■ Work to complete: Going from the line that contains "int (multiplicity (int p) a)" down to the last line in the listing below, reproduce every line exactly and include no others.

■ Dataset content:
(* Let $n>(p+s)^4$ be an integer. For any $j \in \{1,2,\ldots,p-1\}$, \[ S_{j/p} = \rho_{0,j/p} + \sum_{i=2}^{p-1+s} \rho_i \cdot \omega\left(\frac{j}{p}\right)^{1-i}\zeta_p\left(i,\frac{j}{p}\right), \] where $\rho_i:=\sum_{k=1}^n r_{i,k}$ for $2\leqslant i\leqslant p-1+s$ (independent of $j$) and \[\rho_{0,j/p}:=-\sum_{i=1}^{p-1+s}\sum_{k=1}^n\sum_{\nu=0}^{k-1} \frac{r_{i,k}}{\left(\nu+\frac{j}{p}\right)^{i}}.\]
   Context: Let $p\geqslant 5$ be a prime and $s$ a positive integer. Write $v_p$ for the $p$-adic valuation and $(\alpha)_k=\alpha(\alpha+1)\cdots(\alpha+k-1)$. Put $N_0=v_p(p-1+s)$ and $M_0=p^{2+N_0}s-1$. For an integer $n>(p+s)^4$ let \[R_n(t)=p^{pn}\, n!^s\, t^{M_0}\,\frac{\prod_{j=1}^{p-1}(t+\frac{j}{p})_n}{(t)_{n+1}^{p-1+s}}\in\mathbb{Q}(t),\] with partial fraction decomposition $R_n(t)=\sum_{i=1}^{p-1+s}\sum_{k=1}^{n} r_{i,k}(t+k)^{-i}$, $r_{i,k}\in\mathbb{Q}$. Let $\omega$ be the Teichmüller character on $\mathbb{Z}_p^\times$ (projection in $\mathbb{Z}_p^\times\cong\mu_{p-1}(\mathbb{Z}_p)\times(1+p\mathbb{Z}_p)$), extended to $\mathbb{Q}_p^\times$ by $\omega(x)=p^{v_p(x)}\omega(x/p^{v_p(x)})$, and $\langle x\rangle=x/\omega(x)$; $\log_p$ is the $p$-adic logarithm $\log_p(1+x)=\sum_{m\geqslant1}(-1)^{m-1}x^m/m$, $|x|_p<1$. Define \[\widetilde{R}_n(t) = \sum_{k=1}^{n} r_{1,k}\log_p\langle t + k\rangle + \sum_{i=2}^{p-1+s}\sum_{k=1}^{n} \frac{r_{i,k}}{(1-i)(t+k)^{i-1}}.\] The Volkenborn integral of $f:\mathbb{Z}_p\to\mathbb{Q}_p$ is $\int_{\mathbb{Z}_p}f(t)\,\mathrm{d}t=\lim_{m\to\infty}p^{-m}\sum_{0\leqslant k<p^m}f(k)$ when the limit exists. Set $S_{j/p}:=-\int_{\mathbb{Z}_p}\widetilde{R}_n(t+\frac{j}{p})\,\mathrm{d}t$. For $x\in\mathbb{Q}_p$ with $|x|_p>1$ and an integer $i\geqslant2$, the $p$-adic Hurwitz zeta value is $\zeta_p(i,x)=\frac{1}{i-1}\int_{\mathbb{Z}_p}\langle t+x\rangle^{1-i}\,\mathrm{d}t$. *)

theory Defs
  imports Complex_Main "HOL-Computational_Algebra.Primes"
begin

definition pval :: "nat \<Rightarrow> rat \<Rightarrow> int" where
  "pval p x = (case quotient_of x of (a, b) \<Rightarrow>
      int (multiplicity (int p) a) - int (multiplicity (int p) b))"

definition pabs :: "nat \<Rightarrow> rat \<Rightarrow> real" where
  "pabs p x = (if x = 0 then 0 else real p powr (- real_of_int (pval p x)))"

■ Exercise answer:
      int (multiplicity (int p) a) - int (multiplicity (int p) b))"

definition pabs :: "nat \<Rightarrow> rat \<Rightarrow> real" where
  "pabs p x = (if x = 0 then 0 else real p powr (- real_of_int (pval p x)))"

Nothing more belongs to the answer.